(* Let $s\ge 1$, $q\in\{1,\dots,5^s-1\}$, $n\ge 3$ and $i\ge 1$ be integers. Consider the cylindrical Lights Out game on a board with $i$ rows and $n$ columns whose lights have $k=5^s$ states, with every light initially in the same state $k-q$. If $i\equiv 0\pmod{5^s}$ or $i\equiv -1\pmod{5^s}$, then the game is one-pass solvable.
   Context: Cylindrical Lights Out game: a grid of buttons with $i$ rows (numbered $1,\dots,i$ from top to bottom) and $n$ columns, whose left and right sides are identified, so column $1$ and column $n$ are adjacent; rows do not wrap around. Each button has a light whose state is an element of $\mathbb{Z}/k\mathbb{Z}$, state $0$ meaning "off". Pressing a button once adds $1 \pmod k$ to the state of its own light and to the states of the lights orthogonally adjacent to it (above, below, left, right, where they exist, with columns taken cyclically). One-pass chasing: for $r=2,3,\dots,i$ in turn, press each button in row $r$ the number of times in $\{0,\dots,k-1\}$ needed to bring the light directly above it (in row $r-1$) to state $0$. The game is one-pass solvable if after this procedure all lights on the board are in state $0$. *)

theory Defs
  imports Main
begin

text \<open>Board positions are pairs (row, column) with rows 1..i and columns 1..n;
columns are taken cyclically. Light states are integers kept reduced mod k.\<close>

definition on_board :: "nat \<Rightarrow> nat \<Rightarrow> nat \<times> nat \<Rightarrow> bool" where
  "on_board i n p \<longleftrightarrow> fst p \<in> {1..i} \<and> snd p \<in> {1..n}"

definition adjacent :: "nat \<Rightarrow> nat \<Rightarrow> nat \<times> nat \<Rightarrow> nat \<times> nat \<Rightarrow> bool" where
  "adjacent i n p p' \<longleftrightarrow> on_board i n p \<and> on_board i n p' \<and>
     ((snd p = snd p' \<and> (fst p' = fst p + 1 \<or> fst p = fst p' + 1)) \<or>
      (fst p = fst p' \<and> (int (snd p') - int (snd p)) mod int n \<in> {1, int n - 1}))"

definition press :: "nat \<Rightarrow> nat \<Rightarrow> nat \<Rightarrow> nat \<times> nat \<Rightarrow> int \<Rightarrow> (nat \<times> nat \<Rightarrow> int) \<Rightarrow> (nat \<times> nat \<Rightarrow> int)" where
  "press k i n b t st = (\<lambda>x. if x = b \<or> adjacent i n b x then (st x + t) mod int k else st x)"

definition chase_row :: "nat \<Rightarrow> nat \<Rightarrow> nat \<Rightarrow> (nat \<times> nat \<Rightarrow> int) \<Rightarrow> nat \<Rightarrow> (nat \<times> nat \<Rightarrow> int)" where
  "chase_row k i n st r =
     fold (\<lambda>c st'. press k i n (r, c) ((- st' (r - 1, c)) mod int k) st') [1..<n+1] st"

definition one_pass :: "nat \<Rightarrow> nat \<Rightarrow> nat \<Rightarrow> (nat \<times> nat \<Rightarrow> int) \<Rightarrow> (nat \<times> nat \<Rightarrow> int)" where
  "one_pass k i n st = fold (\<lambda>r st'. chase_row k i n st' r) [2..<i+1] st"

definition one_pass_solvable :: "nat \<Rightarrow> nat \<Rightarrow> nat \<Rightarrow> (nat \<times> nat \<Rightarrow> int) \<Rightarrow> bool" where
  "one_pass_solvable k i n st0 \<longleftrightarrow>
     (\<forall>r\<in>{1..i}. \<forall>c\<in>{1..n}. one_pass k i n st0 (r, c) mod int k = 0)"

end

(* Chasing a uniformly lit board keeps every row uniform, so everything reduces to one
   integer sequence: modulo k, every button of row j is pressed -a * press_seq j times, where
   a is the initial state, and after the last row has been chased that row holds
   a * press_seq (i + 1) while all rows above it are off.  It therefore suffices that 5^s
   divides press_seq (i + 1).  The addition formula for press_seq shows that if N divides
   press_seq N and press_seq (N + 1), then press_seq (m N) and press_seq (m N + 1) are
   congruent to m press_seq N and m press_seq (N + 1) modulo N^2.  Starting from
   press_seq 5 = -15 and press_seq 6 = 40, this lifts divisibility from 5^s to 5^(s+1), and
   then passes it to all multiples of 5^s. *)

theory Submission
  imports Defs "HOL-Number_Theory.Cong"
begin

fun press_seq :: "nat \<Rightarrow> int" where
  "press_seq 0 = 0"
| "press_seq (Suc 0) = 0"
| "press_seq (Suc (Suc r)) = 1 - 3 * press_seq (Suc r) - press_seq r"

lemma press_seq_add:
  "press_seq (m + r) = (1 - press_seq (Suc r) - 4 * press_seq r) * press_seq m
     + (press_seq (Suc r) - press_seq r) * press_seq (Suc m) + press_seq r"
  by (induction m rule: press_seq.induct) (simp_all add: algebra_simps)

lemma press_seq_mult_cong:
  fixes N :: nat
  assumes "int N dvd press_seq N" and "int N dvd press_seq (Suc N)"
  shows "[press_seq (m * N) = int m * press_seq N] (mod (int N)\<^sup>2)
    \<and> [press_seq (Suc (m * N)) = int m * press_seq (Suc N)] (mod (int N)\<^sup>2)"
  unfolding cong_iff_dvd_diff
proof (induction m)
  case 0
  show ?case by simp
next
  case (Suc m)
  define x y a b where "x = press_seq N" and "y = press_seq (Suc N)"
    and "a = press_seq (m * N)" and "b = press_seq (Suc (m * N))"
  have IH: "(int N)\<^sup>2 dvd a - int m * x" "(int N)\<^sup>2 dvd b - int m * y"
    using Suc.IH unfolding x_def y_def a_def b_def by auto
  have "int N dvd (int N)\<^sup>2" by (simp add: power2_eq_square)
  then have "int N dvd (a - int m * x) + int m * x" "int N dvd (b - int m * y) + int m * y"
    using IH assms unfolding x_def y_def by (meson dvd_add dvd_mult dvd_trans)+
  then have "int N dvd a" "int N dvd b" by simp_all
  then have "int N dvd 3 * b + a" by simp
  have sq: "(int N)\<^sup>2 dvd u * w" if "int N dvd u" "int N dvd w" for u w
    using that unfolding power2_eq_square by (rule mult_dvd_mono)
  have "press_seq (Suc m * N) = (1 - y - 4 * x) * a + (y - x) * b + x"
    using press_seq_add[of "m * N" N] unfolding x_def y_def a_def b_def by (simp add: add.commute)
  then have step_N: "press_seq (Suc m * N) - int (Suc m) * x
      = (a - int m * x) - (y + 4 * x) * a + (y - x) * b"
    by (simp add: algebra_simps)
  have "press_seq (Suc (Suc m * N)) = (1 - y - 4 * x) * b + (y - x) * (1 - 3 * b - a) + x"
    using press_seq_add[of "Suc (m * N)" N] unfolding x_def y_def a_def b_def by (simp add: add.commute)
  then have step_Suc_N: "press_seq (Suc (Suc m * N)) - int (Suc m) * y
      = (b - int m * y) - (y + 4 * x) * b - (y - x) * (3 * b + a)"
    by (simp add: algebra_simps)
  have "int N dvd y + 4 * x" "int N dvd y - x"
    using assms unfolding x_def y_def by simp_all
  then have "(int N)\<^sup>2 dvd press_seq (Suc m * N) - int (Suc m) * x"
    and "(int N)\<^sup>2 dvd press_seq (Suc (Suc m * N)) - int (Suc m) * y"
    unfolding step_N step_Suc_N using IH sq \<open>int N dvd a\<close> \<open>int N dvd b\<close> \<open>int N dvd 3 * b + a\<close>
    by (metis dvd_add dvd_diff)+
  then show ?case unfolding x_def y_def by blast
qed

lemma pow5_dvd_press_seq:
  assumes "s \<ge> 1"
  shows "int (5 ^ s) dvd press_seq (5 ^ s) \<and> int (5 ^ s) dvd press_seq (Suc (5 ^ s))"
  using assms
proof (induction s rule: dec_induct)
  case base
  have "press_seq 5 = 5 * (-3)" "press_seq 6 = 5 * 8" by (simp_all add: numeral_eq_Suc)
  then show ?case by simp
next
  case (step s)
  define N where "N = (5::nat) ^ s"
  have N: "int N dvd press_seq N" "int N dvd press_seq (Suc N)"
    using step.IH unfolding N_def by auto
  have "5 dvd N" using \<open>1 \<le> s\<close> unfolding N_def by (simp add: dvd_power)
  then have "5 * N dvd N\<^sup>2"
    unfolding power2_eq_square by (rule mult_dvd_mono) simp
  then have "int (5 * N) dvd (int N)\<^sup>2"
    by (simp only: of_nat_power[symmetric] int_dvd_int_iff)
  with press_seq_mult_cong[OF N, of 5]
  have "[press_seq (5 * N) = 5 * press_seq N] (mod int (5 * N))"
    "[press_seq (Suc (5 * N)) = 5 * press_seq (Suc N)] (mod int (5 * N))"
    by (auto intro: cong_dvd_modulus)
  moreover have "int (5 * N) dvd 5 * press_seq N" "int (5 * N) dvd 5 * press_seq (Suc N)"
    using N by simp_all
  ultimately show ?case
    unfolding N_def power_Suc by (simp add: cong_dvd_iff)
qed

lemma pow5_dvd_press_seq_Suc:
  assumes "s \<ge> 1" and "5 ^ s dvd i \<or> 5 ^ s dvd Suc i"
  shows "int (5 ^ s) dvd press_seq (Suc i)"
proof -
  define N where "N = (5::nat) ^ s"
  have N: "int N dvd press_seq N" "int N dvd press_seq (Suc N)"
    using pow5_dvd_press_seq[OF assms(1)] unfolding N_def by auto
  have sq: "int N dvd (int N)\<^sup>2" by (simp add: power2_eq_square)
  have mult_cong: "[press_seq (m * N) = int m * press_seq N] (mod int N)"
    "[press_seq (Suc (m * N)) = int m * press_seq (Suc N)] (mod int N)" for m
    using press_seq_mult_cong[OF N, of m] by (auto intro: cong_dvd_modulus[OF _ sq])
  have "int N dvd press_seq (m * N)" "int N dvd press_seq (Suc (m * N))" for m
    using cong_dvd_iff[OF mult_cong(1)] cong_dvd_iff[OF mult_cong(2)] N by simp_all
  moreover obtain m where "i = m * N \<or> Suc i = m * N"
    using assms(2) unfolding N_def[symmetric] by (metis dvdE mult.commute)
  ultimately show ?thesis
    unfolding N_def[symmetric] by auto
qed

definition toggling_columns :: "nat \<Rightarrow> nat \<Rightarrow> nat \<Rightarrow> nat \<Rightarrow> nat \<times> nat \<Rightarrow> nat set" where
  "toggling_columns i n r j x = {c \<in> {1..j}. x = (r, c) \<or> adjacent i n (r, c) x}"

lemma card_toggling_columns_Suc:
  "card (toggling_columns i n r (Suc j) x)
     = card (toggling_columns i n r j x) + of_bool (x = (r, Suc j) \<or> adjacent i n (r, Suc j) x)"
proof (cases "x = (r, Suc j) \<or> adjacent i n (r, Suc j) x")
  case True
  then have "toggling_columns i n r (Suc j) x = insert (Suc j) (toggling_columns i n r j x)"
    unfolding toggling_columns_def by auto
  then show ?thesis using True by (simp add: toggling_columns_def)
next
  case False
  then have "toggling_columns i n r (Suc j) x = toggling_columns i n r j x"
    unfolding toggling_columns_def by (auto simp: le_Suc_eq)
  then show ?thesis using False by simp
qed

lemma toggling_columns_above_empty:
  "toggling_columns i n r j (r - 1, Suc j) = {}"
  unfolding toggling_columns_def adjacent_def on_board_def by auto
================
DIRECTIONS >>
Check each line of the entries, and copy the ones that contain "induction".

ANSWER TO THIS TASK >>
  by (induction m rule: press_seq.induct) (simp_all add: algebra_simps)
proof (induction m)
proof (induction s rule: dec_induct)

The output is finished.